WHAT THE TASK REQUIRES
Hunt through the lines below for the string "simp" and copy each one that has it.

RECORDS FOR THIS EXERCISE
lemma d_tilde_off_action:
  assumes "set D1c \<subseteq> set_pmf expert" "set Denv \<subseteq> set_pmf (bc D1)" "h < H" "a \<noteq> piE h s"
  shows "d_tilde m n' D1 D1c Denv h (s, a) = 0"
proof -
  have "filter (\<lambda>tr. tr ! h = (s, a) \<and> in_Tr h D1 tr) Denv = []"
    using bc_action_in_Tr[of _ D1 h] assms by (fastforce simp: filter_empty_conv)
  moreover have "filter (\<lambda>tr. tr ! h = (s, a) \<and> \<not> in_Tr h D1 tr) D1c = []"
    using expert_action[of _ h] assms by (fastforce simp: filter_empty_conv)
  ultimately show ?thesis
    by (simp add: d_tilde_eq)
qed

lemma occ_expert_on_action:
  assumes "h < H"
  shows "occ rho P (det_policy piE) H h (s, piE h s)
     = measure_pmf.prob (bc D1) {tr. covered D1 h s tr} + measure_pmf.prob expert {tr. uncovered D1 h s tr}"
proof -
  have "occ rho P (det_policy piE) H h (s, piE h s)
      = measure_pmf.prob expert ({tr. covered D1 h s tr} \<union> {tr. uncovered D1 h s tr})"
    unfolding occ_eq_prob by (auto intro: arg_cong[where f = "measure_pmf.prob expert"])
  also have "\<dots> = measure_pmf.prob expert {tr. covered D1 h s tr} + measure_pmf.prob expert {tr. uncovered D1 h s tr}"
    by (rule measure_pmf.finite_measure_Union) auto
  finally show ?thesis
    using prob_in_Tr_in_Pi_BC_eq[OF sel_BC assms] by simp
qed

SOLVED PROBLEM
    using bc_action_in_Tr[of _ D1 h] assms by (fastforce simp: filter_empty_conv)
    using expert_action[of _ h] assms by (fastforce simp: filter_empty_conv)
    by (simp add: d_tilde_eq)
    using prob_in_Tr_in_Pi_BC_eq[OF sel_BC assms] by simp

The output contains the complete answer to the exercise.